Saved entries:
(* Let $\mathbb{T}$ be a time scale, $\alpha\in]0,1]$, and let $f,g:\mathbb{T}\to\mathbb{R}$ be nabla fractional differentiable of order $\alpha$ at $t\in\mathbb{T}_\kappa$. Then: (i) $f+g$ is nabla fractional differentiable of order $\alpha$ at $t$ with $(f+g)^{\nabla^\alpha}(t)=f^{\nabla^\alpha}(t)+g^{\nabla^\alpha}(t)$; (ii) for every $\lambda\in\mathbb{R}$, $\lambda f$ is nabla fractional differentiable of order $\alpha$ at $t$ with $(\lambda f)^{\nabla^\alpha}(t)=\lambda f^{\nabla^\alpha}(t)$; (iii) if $f$ and $g$ are continuous, then $fg$ is nabla fractional differentiable of order $\alpha$ at $t$ with $$(fg)^{\nabla^\alpha}(t)=f^{\nabla^\alpha}(t)g(t)+f^\rho(t)g^{\nabla^\alpha}(t)=f^{\nabla^\alpha}(t)g^\rho(t)+f(t)g^{\nabla^\alpha}(t);$$ (iv) if $f$ is continuous and $f^\rho(t)f(t)\neq0$, then $1/f$ is nabla fractional differentiable of order $\alpha$ at $t$ with $\left(\frac1f\right)^{\nabla^\alpha}(t)=-\frac{f^{\nabla^\alpha}(t)}{f^\rho(t)f(t)}$; (v) if $f$ and $g$ are continuous and $g^\rho(t)g(t)\neq0$, then $f/g$ is nabla fractional differentiable of order $\alpha$ at $t$ with $$\left(\frac fg\right)^{\nabla^\alpha}(t)=\frac{f^{\nabla^\alpha}(t)g(t)-f(t)g^{\nabla^\alpha}(t)}{g^\rho(t)g(t)}.$$
   Context: A time scale $\mathbb{T}$ is a nonempty closed subset of $\mathbb{R}$ with the induced topology. $\rho(t)=\sup\{s\in\mathbb{T}: s<t\}$ (with $\sup\emptyset=\inf\mathbb{T}$), $\sigma(t)=\inf\{s\in\mathbb{T}:s>t\}$ (with $\inf\emptyset=\sup\mathbb{T}$), $f^\rho=f\circ\rho$. $\mathbb{T}_\kappa=\mathbb{T}\setminus\{\inf\mathbb{T}\}$ if $\inf\mathbb{T}$ is finite with $\sigma(\inf\mathbb{T})>\inf\mathbb{T}$, otherwise $\mathbb{T}_\kappa=\mathbb{T}$. Let $A=\,]0,1]\cap\{1/q: q\text{ odd positive integer}\}$; for $\alpha=1/q\in A$, $x^\alpha$ is the real $q$-th root. For $t\in\mathbb{T}_\kappa$, $f^{\nabla^\alpha}(t)$ is the real number (if it exists) such that for every $\varepsilon>0$ there is $\delta>0$ with $\big|[f(s)-f^\rho(t)]-f^{\nabla^\alpha}(t)[s-\rho(t)]^\alpha\big|\le\varepsilon|s-\rho(t)|^\alpha$ for all $s\in\,]t-\delta,t+\delta[\,\cap\mathbb{T}$ if $\alpha\in A$, resp. all $s\in[t,t+\delta[\,\cap\mathbb{T}$ if $\alpha\notin A$; if it exists, $f$ is nabla fractional differentiable of order $\alpha$ at $t$. *)

theory Defs
  imports Complex_Main
begin

definition time_scale :: "real set \<Rightarrow> bool" where
  "time_scale T \<longleftrightarrow> T \<noteq> {} \<and> closed T"

text \<open>backward jump operator; sup of the empty set is inf T (then t = min T)\<close>
definition rho :: "real set \<Rightarrow> real \<Rightarrow> real" where
  "rho T t = (if {s\<in>T. s < t} = {} then Inf T else Sup {s\<in>T. s < t})"

definition sigma :: "real set \<Rightarrow> real \<Rightarrow> real" where
  "sigma T t = (if {s\<in>T. s > t} = {} then Sup T else Inf {s\<in>T. s > t})"

definition T_kappa :: "real set \<Rightarrow> real set" where
  "T_kappa T = (if bdd_below T \<and> sigma T (Inf T) > Inf T then T - {Inf T} else T)"

definition in_A :: "real \<Rightarrow> bool" where
  "in_A \<alpha> \<longleftrightarrow> (\<exists>q::nat. odd q \<and> q > 0 \<and> \<alpha> = 1 / real q)"

text \<open>x^alpha: real q-th root for alpha = 1/q in A, otherwise x powr alpha (used for x \<ge> 0)\<close>
definition fpow :: "real \<Rightarrow> real \<Rightarrow> real" where
  "fpow \<alpha> x = (if in_A \<alpha> then root (nat \<lfloor>1 / \<alpha>\<rfloor>) x else x powr \<alpha>)"

definition has_nabla_frac_deriv ::
  "real set \<Rightarrow> real \<Rightarrow> (real \<Rightarrow> real) \<Rightarrow> real \<Rightarrow> real \<Rightarrow> bool" where
  "has_nabla_frac_deriv T \<alpha> f D t \<longleftrightarrow> t \<in> T_kappa T \<and>
     (\<forall>\<epsilon>>0. \<exists>\<delta>>0. \<forall>s\<in>T.
        (if in_A \<alpha> then t - \<delta> < s \<and> s < t + \<delta> else t \<le> s \<and> s < t + \<delta>) \<longrightarrow>
        \<bar>(f s - f (rho T t)) - D * fpow \<alpha> (s - rho T t)\<bar> \<le> \<epsilon> * fpow \<alpha> \<bar>s - rho T t\<bar>)"

end

theory Submission
  imports Defs "HOL-Library.Landau_Symbols"
begin

text \<open>The defining condition says that the remainder
  \<open>f s - f\<^sup>\<rho>(t) - D (s - \<rho>(t))\<^sup>\<alpha>\<close> is \<open>o(|s - \<rho>(t)|\<^sup>\<alpha>)\<close> along the filter of points of
  \<open>T\<close> near \<open>t\<close> (to the right of \<open>t\<close> when \<open>\<alpha> \<notin> A\<close>). The differentiation rules then follow
  from the Landau calculus exactly as for classical derivatives: besides the hypotheses on
  \<open>f\<close> and \<open>g\<close>, the product and reciprocal rules only use that
  \<open>(s - \<rho>(t))\<^sup>\<alpha> = O(|s - \<rho>(t)|\<^sup>\<alpha>)\<close> and that a continuous factor tends to its value at
  \<open>t\<close>.\<close>

lemma smallo_increment_mult:
  fixes f g p q :: "'a \<Rightarrow> real"
  assumes f: "(\<lambda>x. f x - f0 - Df * p x) \<in> o[F](q)"
    and g: "(\<lambda>x. g x - g0 - Dg * p x) \<in> o[F](q)"
    and lim: "(f \<longlongrightarrow> f1) F" and p: "p \<in> O[F](q)"
  shows "(\<lambda>x. f x * g x - f0 * g0 - (Df * g0 + f1 * Dg) * p x) \<in> o[F](q)"
proof -
  have f_bounded: "f \<in> O[F](\<lambda>_. 1)"
    using lim by (intro bigoI_tendsto[where c = f1]) auto
  have f_near: "(\<lambda>x. f x - f1) \<in> o[F](\<lambda>_. 1)"
    using lim by (intro smalloI_tendsto) (auto intro: tendsto_eq_intros)
  have "(\<lambda>x. (f x - f0 - Df * p x) * g0) \<in> o[F](q)"
    using f by simp
  moreover have "(\<lambda>x. f x * (g x - g0 - Dg * p x)) \<in> o[F](q)"
    using landau_o.big_small_mult[OF f_bounded g] by simp
  moreover have "(\<lambda>x. (f x - f1) * (Dg * p x)) \<in> o[F](q)"
    using landau_o.small_big_mult[OF f_near, of "\<lambda>x. Dg * p x" q] p by simp
  ultimately have "(\<lambda>x. (f x - f0 - Df * p x) * g0 + f x * (g x - g0 - Dg * p x)
      + (f x - f1) * (Dg * p x)) \<in> o[F](q)"
    by (intro sum_in_smallo)
  then show ?thesis
    by (simp add: algebra_simps)
qed

lemma smallo_increment_inverse:
  fixes f p q :: "'a \<Rightarrow> real"
  assumes f: "(\<lambda>x. f x - f0 - Df * p x) \<in> o[F](q)"
    and lim: "(f \<longlongrightarrow> f1) F" and "f0 \<noteq> 0" "f1 \<noteq> 0" and p: "p \<in> O[F](q)"
  shows "(\<lambda>x. 1 / f x - 1 / f0 - (- Df / (f0 * f1)) * p x) \<in> o[F](q)"
proof -
  have inv_bounded: "(\<lambda>x. 1 / f x) \<in> O[F](\<lambda>_. 1)"
    using lim \<open>f1 \<noteq> 0\<close> by (intro bigoI_tendsto[where c = "1 / f1"]) (auto intro: tendsto_eq_intros)
  have f_near: "(\<lambda>x. f x - f1) \<in> o[F](\<lambda>_. 1)"
    using lim by (intro smalloI_tendsto) (auto intro: tendsto_eq_intros)
  have "(\<lambda>x. (f x - f0 - Df * p x) / f x) \<in> o[F](q)"
    using landau_o.big_small_mult[OF inv_bounded f] by simp
  then have "(\<lambda>x. (f x - f0 - Df * p x) / f x * (- 1 / f0)) \<in> o[F](q)"
    using \<open>f0 \<noteq> 0\<close> by (intro landau_o.small.cmult_in_iff'[THEN iffD2]) auto
  moreover have "(\<lambda>x. (f x - f1) * (Df * p x)) \<in> o[F](q)"
    using landau_o.small_big_mult[OF f_near, of "\<lambda>x. Df * p x" q] p by simp
  from landau_o.big_small_mult[OF inv_bounded this]
  have "(\<lambda>x. (f x - f1) * (Df * p x) / f x) \<in> o[F](q)"
    by simp
  then have "(\<lambda>x. (f x - f1) * (Df * p x) / f x * (1 / (f0 * f1))) \<in> o[F](q)"
    using assms(3,4) by (intro landau_o.small.cmult_in_iff'[THEN iffD2]) auto
  ultimately have sum: "(\<lambda>x. (f x - f0 - Df * p x) / f x * (- 1 / f0)
      + (f x - f1) * (Df * p x) / f x * (1 / (f0 * f1))) \<in> o[F](q)"
    by (intro sum_in_smallo)
  have "eventually (\<lambda>x. f x \<noteq> 0) F"
    using lim \<open>f1 \<noteq> 0\<close> by (rule tendsto_imp_eventually_ne)
  moreover have "(y - f0 - Df * u) / y * (- 1 / f0) + (y - f1) * (Df * u) / y * (1 / (f0 * f1))
      = 1 / y - 1 / f0 - (- Df / (f0 * f1)) * u" if "y \<noteq> 0" for y u
    using that assms(3,4) by (simp add: field_simps)
  ultimately have "eventually (\<lambda>x. (f x - f0 - Df * p x) / f x * (- 1 / f0)
      + (f x - f1) * (Df * p x) / f x * (1 / (f0 * f1))
      = 1 / f x - 1 / f0 - (- Df / (f0 * f1)) * p x) F"
    by (auto elim!: eventually_mono)
  from landau_o.small.in_cong[OF this] sum show ?thesis
    by simp
qed

definition nabla_filter :: "real set \<Rightarrow> real \<Rightarrow> real \<Rightarrow> real filter" where
  "nabla_filter T \<alpha> t = inf (nhds t) (principal (if in_A \<alpha> then T else T \<inter> {t..}))"

lemma eventually_nabla_filter:
  "eventually P (nabla_filter T \<alpha> t) \<longleftrightarrow>
     (\<exists>\<delta>>0. \<forall>s\<in>T. (if in_A \<alpha> then t - \<delta> < s \<and> s < t + \<delta> else t \<le> s \<and> s < t + \<delta>) \<longrightarrow> P s)"
  unfolding nabla_filter_def eventually_inf_principal eventually_nhds_metric dist_real_def
  by (intro ex_cong1 conj_cong refl) (auto simp: abs_less_iff)

lemma fpow_abs_nonneg: "fpow \<alpha> \<bar>x\<bar> \<ge> 0"
  by (simp add: fpow_def real_root_ge_zero)

lemma fpow_abs:
  assumes "in_A \<alpha>"
  shows "fpow \<alpha> \<bar>x\<bar> = \<bar>fpow \<alpha> x\<bar>"
proof -
  obtain q :: nat where "odd q" "q > 0" "\<alpha> = 1 / real q"
    using assms by (auto simp: in_A_def)
  then show ?thesis
    using assms by (simp add: fpow_def real_root_abs)
qed

lemma has_nabla_frac_deriv_iff_smallo:
  "has_nabla_frac_deriv T \<alpha> f D t \<longleftrightarrow> t \<in> T_kappa T \<and>
     (\<lambda>s. f s - f (rho T t) - D * fpow \<alpha> (s - rho T t))
       \<in> o[nabla_filter T \<alpha> t](\<lambda>s. fpow \<alpha> \<bar>s - rho T t\<bar>)"
  unfolding has_nabla_frac_deriv_def smallo_def eventually_nabla_filter
  by (simp add: fpow_abs_nonneg)

lemma fpow_increment_bigo:
  assumes "r \<le> t"
  shows "(\<lambda>s. fpow \<alpha> (s - r)) \<in> O[nabla_filter T \<alpha> t](\<lambda>s. fpow \<alpha> \<bar>s - r\<bar>)"
proof (rule landau_o.bigI[of 1])
  have "\<bar>fpow \<alpha> (s - r)\<bar> \<le> \<bar>fpow \<alpha> \<bar>s - r\<bar>\<bar>" if "\<not> in_A \<alpha> \<Longrightarrow> t \<le> s" for s
  proof (cases "in_A \<alpha>")
    case True
    then show ?thesis by (simp add: fpow_abs)
  next
    case False
    then show ?thesis using that \<open>r \<le> t\<close> by simp
  qed
  then show "eventually (\<lambda>s. norm (fpow \<alpha> (s - r)) \<le> 1 * norm (fpow \<alpha> \<bar>s - r\<bar>))
      (nabla_filter T \<alpha> t)"
    unfolding eventually_nabla_filter by (intro exI[of _ 1]) auto
qed simp

lemma T_kappa_subset: "T_kappa T \<subseteq> T"
  by (auto simp: T_kappa_def)

lemma rho_le:
  assumes "t \<in> T"
  shows "rho T t \<le> t"
proof (cases "{s\<in>T. s < t} = {}")
  case True
  then have "bdd_below T"
    by (auto simp: bdd_below_def not_less)
  then have "Inf T \<le> t"
    using assms by (simp add: cInf_lower)
  then show ?thesis
    using True by (simp add: rho_def)
next
  case False
  then have "Sup {s\<in>T. s < t} \<le> t"
    by (intro cSup_least) auto
  then show ?thesis
    using False by (auto simp: rho_def)
qed

lemma continuous_on_tendsto_nabla_filter:
  assumes "continuous_on T f" "t \<in> T"
  shows "(f \<longlongrightarrow> f t) (nabla_filter T \<alpha> t)"
proof -
  have "(f \<longlongrightarrow> f t) (inf (nhds t) (principal T))"
    using assms by (simp add: continuous_on_def tendsto_at_within_iff_tendsto_nhds)
  moreover have "nabla_filter T \<alpha> t \<le> inf (nhds t) (principal T)"
    unfolding nabla_filter_def by (intro inf_mono) auto
  ultimately show ?thesis
    by (rule tendsto_mono[rotated])
qed

lemma has_nabla_frac_deriv_add:
  assumes "has_nabla_frac_deriv T \<alpha> f Df t" "has_nabla_frac_deriv T \<alpha> g Dg t"
  shows "has_nabla_frac_deriv T \<alpha> (\<lambda>s. f s + g s) (Df + Dg) t"
  using assms sum_in_smallo(1) unfolding has_nabla_frac_deriv_iff_smallo
  by (fastforce simp: algebra_simps)

lemma has_nabla_frac_deriv_cmult:
  assumes "has_nabla_frac_deriv T \<alpha> f Df t"
  shows "has_nabla_frac_deriv T \<alpha> (\<lambda>s. c * f s) (c * Df) t"
  using assms unfolding has_nabla_frac_deriv_iff_smallo
  by (simp add: mult.assoc flip: right_diff_distrib)

lemma has_nabla_frac_deriv_mult:
  assumes f: "has_nabla_frac_deriv T \<alpha> f Df t" and g: "has_nabla_frac_deriv T \<alpha> g Dg t"
    and "continuous_on T f"
  shows "has_nabla_frac_deriv T \<alpha> (\<lambda>s. f s * g s) (Df * g (rho T t) + f t * Dg) t"
proof -
  have t: "t \<in> T"
    using f T_kappa_subset by (auto simp: has_nabla_frac_deriv_def)
  show ?thesis
    using f g smallo_increment_mult[OF _ _ continuous_on_tendsto_nabla_filter fpow_increment_bigo]
      \<open>continuous_on T f\<close> t rho_le[OF t]
    unfolding has_nabla_frac_deriv_iff_smallo by blast
qed

lemma has_nabla_frac_deriv_inverse:
  assumes f: "has_nabla_frac_deriv T \<alpha> f Df t" and "continuous_on T f"
    and "f (rho T t) \<noteq> 0" "f t \<noteq> 0"
  shows "has_nabla_frac_deriv T \<alpha> (\<lambda>s. 1 / f s) (- Df / (f (rho T t) * f t)) t"
proof -
  have t: "t \<in> T"
    using f T_kappa_subset by (auto simp: has_nabla_frac_deriv_def)
  show ?thesis
    using f smallo_increment_inverse[OF _ continuous_on_tendsto_nabla_filter _ _ fpow_increment_bigo]
      assms(2-4) t rho_le[OF t]
    unfolding has_nabla_frac_deriv_iff_smallo by blast
qed

lemma has_nabla_frac_deriv_divide:
  assumes f: "has_nabla_frac_deriv T \<alpha> f Df t" and g: "has_nabla_frac_deriv T \<alpha> g Dg t"
    and "continuous_on T f" "continuous_on T g" "g (rho T t) \<noteq> 0" "g t \<noteq> 0"
  shows "has_nabla_frac_deriv T \<alpha> (\<lambda>s. f s / g s)
    ((Df * g t - f t * Dg) / (g (rho T t) * g t)) t"
proof -
  have "has_nabla_frac_deriv T \<alpha> (\<lambda>s. f s * (1 / g s))
      (Df * (1 / g (rho T t)) + f t * (- Dg / (g (rho T t) * g t))) t"
    using assms by (intro has_nabla_frac_deriv_mult has_nabla_frac_deriv_inverse)
  moreover have "Df * (1 / g (rho T t)) + f t * (- Dg / (g (rho T t) * g t))
      = (Df * g t - f t * Dg) / (g (rho T t) * g t)"
    using assms(5,6) by (simp add: field_simps)
  ultimately show ?thesis
    by simp
qed

theorem theorem3p10:
  fixes T :: "real set" and \<alpha> t Df Dg :: real and f g :: "real \<Rightarrow> real"
  assumes "time_scale T" and "0 < \<alpha>" and "\<alpha> \<le> 1" and "t \<in> T_kappa T"
    and hf: "has_nabla_frac_deriv T \<alpha> f Df t"
    and hg: "has_nabla_frac_deriv T \<alpha> g Dg t"
  shows "has_nabla_frac_deriv T \<alpha> (\<lambda>s. f s + g s) (Df + Dg) t
    \<and> (\<forall>c::real. has_nabla_frac_deriv T \<alpha> (\<lambda>s. c * f s) (c * Df) t)
    \<and> (continuous_on T f \<longrightarrow> continuous_on T g \<longrightarrow>
           has_nabla_frac_deriv T \<alpha> (\<lambda>s. f s * g s) (Df * g t + f (rho T t) * Dg) t
         \<and> has_nabla_frac_deriv T \<alpha> (\<lambda>s. f s * g s) (Df * g (rho T t) + f t * Dg) t)
    \<and> (continuous_on T f \<longrightarrow> f (rho T t) * f t \<noteq> 0 \<longrightarrow>
           has_nabla_frac_deriv T \<alpha> (\<lambda>s. 1 / f s) (- Df / (f (rho T t) * f t)) t)
    \<and> (continuous_on T f \<longrightarrow> continuous_on T g \<longrightarrow> g (rho T t) * g t \<noteq> 0 \<longrightarrow>
           has_nabla_frac_deriv T \<alpha> (\<lambda>s. f s / g s)
             ((Df * g t - f t * Dg) / (g (rho T t) * g t)) t)"
proof (intro conjI allI impI)
  assume "continuous_on T g"
  from has_nabla_frac_deriv_mult[OF hg hf this]
  show "has_nabla_frac_deriv T \<alpha> (\<lambda>s. f s * g s) (Df * g t + f (rho T t) * Dg) t"
    by (simp add: mult.commute add.commute)
next
  assume "continuous_on T f" "f (rho T t) * f t \<noteq> 0"
  with hf show "has_nabla_frac_deriv T \<alpha> (\<lambda>s. 1 / f s) (- Df / (f (rho T t) * f t)) t"
    by (intro has_nabla_frac_deriv_inverse) auto
qed (use hf hg in \<open>auto intro: has_nabla_frac_deriv_add has_nabla_frac_deriv_cmult
      has_nabla_frac_deriv_mult has_nabla_frac_deriv_divide\<close>)

end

=== Work to be completed ===
Work out how many lines in the records above hold the string "imports", then give only that count.

=== The completed task ===
2